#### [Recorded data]
▼

lemma local_resolvent_of_preimage_chain:
  fixes T :: "'a::complex_banach \<Rightarrow>\<^sub>L 'a"
  assumes cT: "complex_bounded_op T"
    and v0: "scaleC l (v 0) - T (v 0) = x"
    and v_Suc: "\<And>k. scaleC l (v (Suc k)) - T (v (Suc k)) = v k"
    and bound: "\<And>k. norm (v k) \<le> M * Q^k" and Q: "0 < Q"
  shows "l \<in> local_resolvent T x"
proof -
  define A where "A y = scaleC l y - T y" for y
  have "bounded_linear A"
    unfolding A_def by (intro bounded_linear_sub bounded_linear_scaleC_right blinfun.bounded_linear_right)
  have A_scaleC: "A (scaleC c y) = scaleC c (A y)" for c y
    using cT unfolding A_def complex_bounded_op_def
    by (simp add: scaleC_scaleC scaleC_diff_right mult.commute)
  define u where "u z = (\<Sum>k. scaleC ((z - l)^k) (scaleC ((-1)^k) (v k)))" for z
  have "c_holomorphic_on u (ball l (1/Q))"
    unfolding u_def
    by (rule c_holomorphic_on_power_series[where K=M, OF _ Q]) (simp add: norm_scaleC norm_power bound)
  moreover have "scaleC z (u z) - T (u z) = x" if "z \<in> ball l (1/Q)" for z
  proof -
    define w where "w k = scaleC ((l - z)^k) (v k)" for k
    have "cmod (l - z) * Q < 1" using that Q by (simp add: dist_norm field_simps)
    then have "summable w"
      unfolding w_def using Q by (intro summable_scaleC_power_series[OF bound]) auto
    have "u z = suminf w"
      by (simp add: u_def w_def[abs_def] scaleC_scaleC power_mult_distrib[symmetric])
    have A_w: "A (w (Suc k)) = scaleC (l - z) (w k)" for k
      using v_Suc[of k] by (simp add: w_def A_scaleC A_def[symmetric] scaleC_scaleC)
    have "A (u z) = (\<Sum>k. A (w k))"
      unfolding \<open>u z = suminf w\<close> by (rule bounded_linear.suminf[OF \<open>bounded_linear A\<close> \<open>summable w\<close>])
    also have "\<dots> = A (w 0) + (\<Sum>k. A (w (Suc k)))"
      using suminf_split_head[OF bounded_linear.summable[OF \<open>bounded_linear A\<close> \<open>summable w\<close>]] by simp
    also have "\<dots> = x + (\<Sum>k. scaleC (l - z) (w k))"
      using v0 by (simp only: A_w) (simp add: w_def A_def scaleC_one)
    also have "\<dots> = x + scaleC (l - z) (u z)"
      by (simp add: scaleC_suminf_right[OF \<open>summable w\<close>] \<open>u z = suminf w\<close>)
    finally show ?thesis
      by (simp add: A_def scaleC_diff_left algebra_simps)
  qed
  ultimately show ?thesis
    unfolding local_resolvent_def using Q by (intro CollectI exI[of _ "ball l (1/Q)"] exI[of _ u]) auto
qed
lemma abs_cont_on_interval_subinterval:
  assumes "abs_cont_on_interval f a b" "a \<le> c" "d \<le> b"
  shows "abs_cont_on_interval f c d"
  unfolding abs_cont_on_interval_def
proof (intro allI impI)
  fix \<epsilon> :: real assume "\<epsilon> > 0"
  then obtain \<delta> where "\<delta> > 0" and \<delta>: "\<forall>(n::nat) (l::nat \<Rightarrow> real) (r::nat \<Rightarrow> real).
      (\<forall>k<n. a \<le> l k \<and> l k \<le> r k \<and> r k \<le> b) \<and>
      (\<forall>k<n. \<forall>m<n. k \<noteq> m \<longrightarrow> r k \<le> l m \<or> r m \<le> l k) \<and>
      (\<Sum>k<n. r k - l k) < \<delta> \<longrightarrow> (\<Sum>k<n. norm (f (r k) - f (l k))) < \<epsilon>"
    using assms(1) unfolding abs_cont_on_interval_def by blast
  show "\<exists>\<delta>>0. \<forall>(n::nat) (l::nat \<Rightarrow> real) (r::nat \<Rightarrow> real).
      (\<forall>k<n. c \<le> l k \<and> l k \<le> r k \<and> r k \<le> d) \<and>
      (\<forall>k<n. \<forall>m<n. k \<noteq> m \<longrightarrow> r k \<le> l m \<or> r m \<le> l k) \<and>
      (\<Sum>k<n. r k - l k) < \<delta> \<longrightarrow> (\<Sum>k<n. norm (f (r k) - f (l k))) < \<epsilon>"
  proof (intro exI[of _ \<delta>] conjI allI impI)
    fix n :: nat and l r :: "nat \<Rightarrow> real"
    assume h: "(\<forall>k<n. c \<le> l k \<and> l k \<le> r k \<and> r k \<le> d) \<and>
      (\<forall>k<n. \<forall>m<n. k \<noteq> m \<longrightarrow> r k \<le> l m \<or> r m \<le> l k) \<and> (\<Sum>k<n. r k - l k) < \<delta>"
    moreover have "\<forall>k<n. a \<le> l k \<and> l k \<le> r k \<and> r k \<le> b"
      using h assms(2,3) by force
    ultimately show "(\<Sum>k<n. norm (f (r k) - f (l k))) < \<epsilon>"
      using \<delta> by blast
  qed (fact \<open>\<delta> > 0\<close>)
qed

▲

#### [Problem requirements]
The output should restate the data exactly, with no line missing.

#### [Solution for this task]
lemma local_resolvent_of_preimage_chain:
  fixes T :: "'a::complex_banach \<Rightarrow>\<^sub>L 'a"
  assumes cT: "complex_bounded_op T"
    and v0: "scaleC l (v 0) - T (v 0) = x"
    and v_Suc: "\<And>k. scaleC l (v (Suc k)) - T (v (Suc k)) = v k"
    and bound: "\<And>k. norm (v k) \<le> M * Q^k" and Q: "0 < Q"
  shows "l \<in> local_resolvent T x"
proof -
  define A where "A y = scaleC l y - T y" for y
  have "bounded_linear A"
    unfolding A_def by (intro bounded_linear_sub bounded_linear_scaleC_right blinfun.bounded_linear_right)
  have A_scaleC: "A (scaleC c y) = scaleC c (A y)" for c y
    using cT unfolding A_def complex_bounded_op_def
    by (simp add: scaleC_scaleC scaleC_diff_right mult.commute)
  define u where "u z = (\<Sum>k. scaleC ((z - l)^k) (scaleC ((-1)^k) (v k)))" for z
  have "c_holomorphic_on u (ball l (1/Q))"
    unfolding u_def
    by (rule c_holomorphic_on_power_series[where K=M, OF _ Q]) (simp add: norm_scaleC norm_power bound)
  moreover have "scaleC z (u z) - T (u z) = x" if "z \<in> ball l (1/Q)" for z
  proof -
    define w where "w k = scaleC ((l - z)^k) (v k)" for k
    have "cmod (l - z) * Q < 1" using that Q by (simp add: dist_norm field_simps)
    then have "summable w"
      unfolding w_def using Q by (intro summable_scaleC_power_series[OF bound]) auto
    have "u z = suminf w"
      by (simp add: u_def w_def[abs_def] scaleC_scaleC power_mult_distrib[symmetric])
    have A_w: "A (w (Suc k)) = scaleC (l - z) (w k)" for k
      using v_Suc[of k] by (simp add: w_def A_scaleC A_def[symmetric] scaleC_scaleC)
    have "A (u z) = (\<Sum>k. A (w k))"
      unfolding \<open>u z = suminf w\<close> by (rule bounded_linear.suminf[OF \<open>bounded_linear A\<close> \<open>summable w\<close>])
    also have "\<dots> = A (w 0) + (\<Sum>k. A (w (Suc k)))"
      using suminf_split_head[OF bounded_linear.summable[OF \<open>bounded_linear A\<close> \<open>summable w\<close>]] by simp
    also have "\<dots> = x + (\<Sum>k. scaleC (l - z) (w k))"
      using v0 by (simp only: A_w) (simp add: w_def A_def scaleC_one)
    also have "\<dots> = x + scaleC (l - z) (u z)"
      by (simp add: scaleC_suminf_right[OF \<open>summable w\<close>] \<open>u z = suminf w\<close>)
    finally show ?thesis
      by (simp add: A_def scaleC_diff_left algebra_simps)
  qed
  ultimately show ?thesis
    unfolding local_resolvent_def using Q by (intro CollectI exI[of _ "ball l (1/Q)"] exI[of _ u]) auto
qed
lemma abs_cont_on_interval_subinterval:
  assumes "abs_cont_on_interval f a b" "a \<le> c" "d \<le> b"
  shows "abs_cont_on_interval f c d"
  unfolding abs_cont_on_interval_def
proof (intro allI impI)
  fix \<epsilon> :: real assume "\<epsilon> > 0"
  then obtain \<delta> where "\<delta> > 0" and \<delta>: "\<forall>(n::nat) (l::nat \<Rightarrow> real) (r::nat \<Rightarrow> real).
      (\<forall>k<n. a \<le> l k \<and> l k \<le> r k \<and> r k \<le> b) \<and>
      (\<forall>k<n. \<forall>m<n. k \<noteq> m \<longrightarrow> r k \<le> l m \<or> r m \<le> l k) \<and>
      (\<Sum>k<n. r k - l k) < \<delta> \<longrightarrow> (\<Sum>k<n. norm (f (r k) - f (l k))) < \<epsilon>"
    using assms(1) unfolding abs_cont_on_interval_def by blast
  show "\<exists>\<delta>>0. \<forall>(n::nat) (l::nat \<Rightarrow> real) (r::nat \<Rightarrow> real).
      (\<forall>k<n. c \<le> l k \<and> l k \<le> r k \<and> r k \<le> d) \<and>
      (\<forall>k<n. \<forall>m<n. k \<noteq> m \<longrightarrow> r k \<le> l m \<or> r m \<le> l k) \<and>
      (\<Sum>k<n. r k - l k) < \<delta> \<longrightarrow> (\<Sum>k<n. norm (f (r k) - f (l k))) < \<epsilon>"
  proof (intro exI[of _ \<delta>] conjI allI impI)
    fix n :: nat and l r :: "nat \<Rightarrow> real"
    assume h: "(\<forall>k<n. c \<le> l k \<and> l k \<le> r k \<and> r k \<le> d) \<and>
      (\<forall>k<n. \<forall>m<n. k \<noteq> m \<longrightarrow> r k \<le> l m \<or> r m \<le> l k) \<and> (\<Sum>k<n. r k - l k) < \<delta>"
    moreover have "\<forall>k<n. a \<le> l k \<and> l k \<le> r k \<and> r k \<le> b"
      using h assms(2,3) by force
    ultimately show "(\<Sum>k<n. norm (f (r k) - f (l k))) < \<epsilon>"
      using \<delta> by blast
  qed (fact \<open>\<delta> > 0\<close>)
qed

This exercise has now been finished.